▸ **HOW TO COMPLETE THIS TASK**:
In the entries below, which lines run from the one containing "using sc_mult[OF b" to the one containing "unfolding smul_set_def by blast"? Copy exactly those lines, ends included, and no others.

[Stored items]
lemma q_idx_cong_mult_order:
  "\<exists>s\<in>Zp p. q_idx q i = of_int (q ^ nat (exponent_idx i mod int (mult_order p q))) + of_int p * s"
  using power_int_cong_mult_order unfolding q_idx_def exponent_idx_def .

lemma q_idx_in_Zp: "q_idx q i \<in> Zp p"
  using q_idx_cong_mult_order[of i] Zp_add[OF prime] Zp_mult[OF prime] of_int_in_Zp[OF prime] by metis

lemma prime_power_dvd_power_mult_order_pow: "p ^ Suc k dvd q ^ (mult_order p q * nat p ^ k) - 1"
proof -
  have "of_nat (nat p) = p" using prime_ge_2_int[OF prime] by simp
  then show ?thesis
    using lift_dvd_power_minus_one[of "nat p" "q ^ mult_order p q" k] dvd_power_mult_order_minus_one
    by (simp add: power_mult)
qed

lemma double_mult_order_pow_le: "2 * (mult_order p q * nat p ^ k) \<le> nat (p ^ Suc k * (p - 1))"
proof -
  have "nat (p ^ Suc k * (p - 1)) = nat p * (nat p - 1) * nat p ^ k"
    using prime_ge_2_int[OF prime] by (simp add: nat_mult_distrib nat_power_eq nat_diff_distrib)
  moreover have "2 * mult_order p q \<le> nat p * (nat p - 1)"
    using mult_order_le prime_ge_2_int[OF prime] by (intro mult_le_mono) auto
  ultimately show ?thesis by simp
qed

lemma Theta_int_cong:
  assumes "odd p" "L = mult_order p q * nat p ^ j" "2 * L \<le> n"
  shows "\<exists>R. [:p:] dvd Theta_int q (mult_order p q) n - (monom 1 L - 1) * R"
proof -
  define d where "d = mult_order p q"
  define B where "B = (\<Prod>e<L. [:-(q ^ (e mod d)), 1:])"
  obtain R where R: "Theta_int q d n = B * R"
    using prod_X_minus_powers_mod_dvd_Theta_int[OF assms(3)] unfolding B_def by blast
  have "B = (\<Prod>f<d. [:-(q ^ f), 1:]) ^ (nat p ^ j)"
    unfolding B_def assms(2) d_def[symmetric] by (rule prod_mod_period)
  moreover have "[:p:] dvd (\<Prod>f<d. [:-(q ^ f), 1:]) ^ (nat p ^ j) - (monom 1 d - 1) ^ (nat p ^ j)"
    using prod_X_minus_powers_cong unfolding d_def by (rule diff_dvd_power_diff)
  moreover have "[:p:] dvd (monom 1 d - 1) ^ (nat p ^ j) - (monom 1 L - 1)"
    using X_pow_minus_one_pow_cong[OF prime assms(1)] assms(2) d_def by simp
  ultimately have "[:p:] dvd (B - (monom 1 L - 1)) * R"
    by (metis dvd_diff_trans dvd_mult2)
  then show ?thesis
    unfolding d_def[symmetric] R by (auto simp: algebra_simps)
qed

end

lemma not_dvd_if_primitive_mod_square:
  assumes "prime p" "primitive_mod q (p ^ 2)"
  shows "\<not> p dvd q"
proof
  assume "p dvd q"
  moreover have "coprime q (p ^ 2)" using assms(2) unfolding primitive_mod_def by blast
  moreover have "p dvd p ^ 2" by simp
  ultimately show False using assms(1) coprime_common_divisor not_prime_unit by blast
qed

section \<open>R-modules\<close>

locale p_local_R_module =
  fixes p :: int and sc psi :: "rat \<Rightarrow> 'm::ab_group_add \<Rightarrow> 'm"
  assumes prime: "prime p" and R_module: "R_module p sc psi"
begin

lemma
  shows sc_add_left: "a \<in> Zp p \<Longrightarrow> b \<in> Zp p \<Longrightarrow> sc (a + b) y = sc a y + sc b y"
    and sc_mult: "a \<in> Zp p \<Longrightarrow> b \<in> Zp p \<Longrightarrow> sc (a * b) y = sc a (sc b y)"
    and sc_one [simp]: "sc 1 y = y"
    and psi_sc: "j \<in> Zp_units p \<Longrightarrow> a \<in> Zp p \<Longrightarrow> psi j (sc a y) = sc a (psi j y)"
    and psi_mult: "j \<in> Zp_units p \<Longrightarrow> k \<in> Zp_units p \<Longrightarrow> psi (j * k) y = psi j (psi k y)"
    and psi_one [simp]: "psi 1 y = y"
    and additive_sc: "a \<in> Zp p \<Longrightarrow> additive (sc a)"
    and additive_psi: "j \<in> Zp_units p \<Longrightarrow> additive (psi j)"
  using R_module unfolding R_module_def additive_def by blast+

lemma sc_zero_left [simp]: "sc 0 y = 0"
  using sc_add_left[OF zero_in_Zp zero_in_Zp, of y] prime by simp

lemma sc_diff_left: "a \<in> Zp p \<Longrightarrow> b \<in> Zp p \<Longrightarrow> sc (a - b) y = sc a y - sc b y"
  using sc_add_left[of "a - b" b y] Zp_diff[OF prime] by (simp add: eq_diff_eq)

definition R_submodule :: "'m set \<Rightarrow> bool" where
  "R_submodule A \<longleftrightarrow> 0 \<in> A \<and> (\<forall>y\<in>A. \<forall>z\<in>A. y + z \<in> A) \<and>
     (\<forall>a\<in>Zp p. \<forall>y\<in>A. sc a y \<in> A) \<and> (\<forall>j\<in>Zp_units p. \<forall>y\<in>A. psi j y \<in> A)"

context
  fixes A assumes A: "R_submodule A"
begin

lemma
  shows submodule_zero: "0 \<in> A"
    and submodule_add: "y \<in> A \<Longrightarrow> z \<in> A \<Longrightarrow> y + z \<in> A"
    and submodule_sc: "a \<in> Zp p \<Longrightarrow> y \<in> A \<Longrightarrow> sc a y \<in> A"
    and submodule_psi: "j \<in> Zp_units p \<Longrightarrow> y \<in> A \<Longrightarrow> psi j y \<in> A"
  using A unfolding R_submodule_def by blast+

lemma submodule_diff:
  assumes "y \<in> A" "z \<in> A" shows "y - z \<in> A"
proof -
  have "sc (0 - 1) z = - z" using sc_diff_left[OF zero_in_Zp one_in_Zp] prime by simp
  then show ?thesis
    using submodule_add[OF assms(1) submodule_sc[OF Zp_diff[OF prime zero_in_Zp one_in_Zp] assms(2)]]
    prime by simp
qed

lemma R_submodule_smul_set:
  assumes "a \<in> Zp p" shows "R_submodule (smul_set sc a A)"
  unfolding R_submodule_def smul_set_def
proof (intro conjI ballI)
  show "0 \<in> sc a ` A"
    using submodule_zero additive.zero[OF additive_sc[OF assms]] by force
  show "y + z \<in> sc a ` A" if yz: "y \<in> sc a ` A" "z \<in> sc a ` A" for y z
  proof -
    obtain u v where "u \<in> A" "v \<in> A" "y = sc a u" "z = sc a v" using yz by blast
    then show ?thesis
      using submodule_add additive.add[OF additive_sc[OF assms]] by (metis image_eqI)
  qed
  show "sc b y \<in> sc a ` A" if b: "b \<in> Zp p" and y: "y \<in> sc a ` A" for b y
  proof -
    obtain z where "z \<in> A" "y = sc a z" using y by blast
    then have "sc b y = sc a (sc b z)"
      using sc_mult[OF b assms] sc_mult[OF assms b] by (simp add: mult.commute)
    then show ?thesis using submodule_sc[OF b \<open>z \<in> A\<close>] by blast
  qed
  show "psi j y \<in> sc a ` A" if "j \<in> Zp_units p" "y \<in> sc a ` A" for j y
    using that submodule_psi psi_sc[OF that(1) assms] by blast
qed

end

lemma smul_mem_smul_set: "y \<in> A \<Longrightarrow> sc a y \<in> smul_set sc a A"
  unfolding smul_set_def by blast

lemma mem_Rspan_self: "x \<in> Rspan p sc psi x"
  unfolding Rspan_def
  by (intro CollectI exI[of _ "{1}"] exI[of _ "\<lambda>_. 1"])
    (simp add: one_in_Zp_units[OF prime] one_in_Zp[OF prime])

lemma Rspan_zero: "0 \<in> Rspan p sc psi x"
  unfolding Rspan_def by (intro CollectI exI[of _ "{}"]) simp

lemma Rspan_add:
  assumes "y \<in> Rspan p sc psi x" "z \<in> Rspan p sc psi x"
  shows "y + z \<in> Rspan p sc psi x"
proof -
  obtain J c K e where J: "finite J" "J \<subseteq> Zp_units p" "\<forall>j\<in>J. c j \<in> Zp p"
      and y: "y = (\<Sum>j\<in>J. sc (c j) (psi j x))"
      and K: "finite K" "K \<subseteq> Zp_units p" "\<forall>j\<in>K. e j \<in> Zp p"
      and z: "z = (\<Sum>j\<in>K. sc (e j) (psi j x))"
    using assms unfolding Rspan_def by blast
  define c' e' where "c' j = (if j \<in> J then c j else 0)" and "e' j = (if j \<in> K then e j else 0)" for j
  have Zp: "c' j \<in> Zp p" "e' j \<in> Zp p" for j
    using J(3) K(3) zero_in_Zp[OF prime] by (auto simp: c'_def e'_def)
  have "y = (\<Sum>j\<in>J \<union> K. sc (c' j) (psi j x))" "z = (\<Sum>j\<in>J \<union> K. sc (e' j) (psi j x))"
    unfolding y z c'_def e'_def using J(1) K(1) by (auto intro!: sum.mono_neutral_cong_left)
  then have "y + z = (\<Sum>j\<in>J \<union> K. sc (c' j + e' j) (psi j x))"
    by (simp add: sc_add_left[OF Zp] sum.distrib)
  moreover have "c' j + e' j \<in> Zp p" for j using Zp_add[OF prime Zp] .
  ultimately show ?thesis
    unfolding Rspan_def using J K by (intro CollectI exI[of _ "J \<union> K"] exI[of _ "\<lambda>j. c' j + e' j"]) auto
qed

lemma Rspan_sc:
  assumes a: "a \<in> Zp p" and "y \<in> Rspan p sc psi x"
  shows "sc a y \<in> Rspan p sc psi x"
proof -
  obtain J c where J: "finite J" "J \<subseteq> Zp_units p" "\<forall>j\<in>J. c j \<in> Zp p"
      and y: "y = (\<Sum>j\<in>J. sc (c j) (psi j x))"
    using assms(2) unfolding Rspan_def by blast
  have "sc a y = (\<Sum>j\<in>J. sc (a * c j) (psi j x))"
    unfolding y additive.sum[OF additive_sc[OF a]] using J(3) by (simp add: sc_mult[OF a])
  then show ?thesis
    unfolding Rspan_def using J Zp_mult[OF prime a]
    by (intro CollectI exI[of _ J] exI[of _ "\<lambda>j. a * c j"]) auto
qed

lemma Rspan_psi:
  assumes k: "k \<in> Zp_units p" and "y \<in> Rspan p sc psi x"
  shows "psi k y \<in> Rspan p sc psi x"
proof -
  obtain J c where J: "finite J" "J \<subseteq> Zp_units p" "\<forall>j\<in>J. c j \<in> Zp p"
      and y: "y = (\<Sum>j\<in>J. sc (c j) (psi j x))"
    using assms(2) unfolding Rspan_def by blast
  have "k \<noteq> 0" using Zp_units_nonzero[OF prime k] .
  then have inj: "inj_on (\<lambda>j. k * j) J" by (auto simp: inj_on_def)
  have "psi k y = (\<Sum>j\<in>J. sc (c j) (psi (k * j) x))"
    unfolding y additive.sum[OF additive_psi[OF k]] using J(2,3)
    by (intro sum.cong refl) (auto simp: psi_sc[OF k] psi_mult[OF k])
  also have "\<dots> = (\<Sum>j\<in>(\<lambda>j. k * j) ` J. sc (c (j / k)) (psi j x))"
    using \<open>k \<noteq> 0\<close> by (simp add: sum.reindex[OF inj])
  finally show ?thesis
    unfolding Rspan_def using J \<open>k \<noteq> 0\<close> Zp_units_mult[OF prime k]
    by (intro CollectI exI[of _ "(\<lambda>j. k * j) ` J"] exI[of _ "\<lambda>j. c (j / k)"]) auto
qed

lemma R_submodule_Rspan: "R_submodule (Rspan p sc psi x)"
  unfolding R_submodule_def using Rspan_zero Rspan_add Rspan_sc Rspan_psi by blast

end

section \<open>The Adams operation psi^q modulo p\<close>

locale Adams_operation = p_local_R_module p sc psi
  for p and sc psi :: "rat \<Rightarrow> 'm::ab_group_add \<Rightarrow> 'm" +
  fixes q :: int
  assumes coprime: "\<not> p dvd q"
begin

abbreviation T :: "'m \<Rightarrow> 'm" where
  "T \<equiv> psi (of_int q)"

lemma unit_q: "of_int q \<in> Zp_units p"
  using of_int_in_Zp_units[OF prime coprime] .

lemma additive_T: "additive T"
  using additive_psi[OF unit_q] .

lemma T_zero [simp]: "T 0 = 0"
  using additive.zero[OF additive_T] .

lemma funpow_T: "(T ^^ n) y = psi (of_int (q ^ n)) y"
proof (induction n arbitrary: y)
  case (Suc n)
  have "of_int (q ^ n) \<in> Zp_units p"
    using of_int_in_Zp_units[OF prime not_dvd_power[OF prime coprime]] .
  then show ?case using Suc psi_mult[OF unit_q] by simp
qed simp

definition poly_T :: "int poly \<Rightarrow> 'm \<Rightarrow> 'm" where
  "poly_T P y = (\<Sum>i\<le>degree P. sc (of_int (coeff P i)) ((T ^^ i) y))"

lemma poly_T_eq_sum:
  assumes "degree P \<le> N"
  shows "poly_T P y = (\<Sum>i\<le>N. sc (of_int (coeff P i)) ((T ^^ i) y))"
  unfolding poly_T_def using assms by (intro sum.mono_neutral_left) (auto simp: coeff_eq_0)

lemma poly_T_pCons: "poly_T (pCons a P) y = sc (of_int a) y + T (poly_T P y)"
proof -
  have "poly_T (pCons a P) y = (\<Sum>i\<le>Suc (degree P). sc (of_int (coeff (pCons a P) i)) ((T ^^ i) y))"
    using degree_pCons_le by (intro poly_T_eq_sum) auto
  also have "\<dots> = sc (of_int a) y + (\<Sum>i\<le>degree P. sc (of_int (coeff P i)) (T ((T ^^ i) y)))"
    by (simp only: sum.atMost_Suc_shift) simp
  also have "\<dots> = sc (of_int a) y + T (poly_T P y)"
    unfolding poly_T_def additive.sum[OF additive_T]
    by (simp add: psi_sc[OF unit_q of_int_in_Zp[OF prime]])
  finally show ?thesis .
qed

lemma poly_T_0 [simp]: "poly_T 0 y = 0"
  by (simp add: poly_T_def)

lemma poly_T_1: "poly_T 1 y = y"
  using poly_T_pCons[of 1 0 y] by (simp add: one_pCons)

lemma poly_T_add: "poly_T (P + Q) y = poly_T P y + poly_T Q y"
proof -
  define N where "N = max (degree P) (degree Q)"
  have "degree P \<le> N" "degree Q \<le> N" "degree (P + Q) \<le> N"
    using degree_add_le_max[of P Q] by (auto simp: N_def)
  then show ?thesis
    by (simp add: poly_T_eq_sum sum.distrib[symmetric] sc_add_left[OF of_int_in_Zp[OF prime] of_int_in_Zp[OF prime]])
qed

lemma poly_T_diff: "poly_T (P - Q) y = poly_T P y - poly_T Q y"
  using poly_T_add[of "P - Q" Q y] by (simp add: eq_diff_eq)

lemma poly_T_smult: "poly_T (smult a P) y = sc (of_int a) (poly_T P y)"
  using degree_smult_le[of a P]
  by (simp add: poly_T_eq_sum[of "smult a P" "degree P"] poly_T_def
      additive.sum[OF additive_sc[OF of_int_in_Zp[OF prime]]] sc_mult[OF of_int_in_Zp[OF prime] of_int_in_Zp[OF prime]])

lemma poly_T_mult: "poly_T (P * Q) y = poly_T P (poly_T Q y)"
  by (induction P) (simp_all add: poly_T_add poly_T_smult poly_T_pCons)

lemma poly_T_monom: "poly_T (monom 1 n) y = (T ^^ n) y"
  by (induction n) (simp_all add: poly_T_1 monom_Suc poly_T_pCons monom_0 del: One_nat_def)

▸ **TASK RESPONSE**:
      using sc_mult[OF b assms] sc_mult[OF assms b] by (simp add: mult.commute)
    then show ?thesis using submodule_sc[OF b \<open>z \<in> A\<close>] by blast
  qed
  show "psi j y \<in> sc a ` A" if "j \<in> Zp_units p" "y \<in> sc a ` A" for j y
    using that submodule_psi psi_sc[OF that(1) assms] by blast
qed

end

lemma smul_mem_smul_set: "y \<in> A \<Longrightarrow> sc a y \<in> smul_set sc a A"
  unfolding smul_set_def by blast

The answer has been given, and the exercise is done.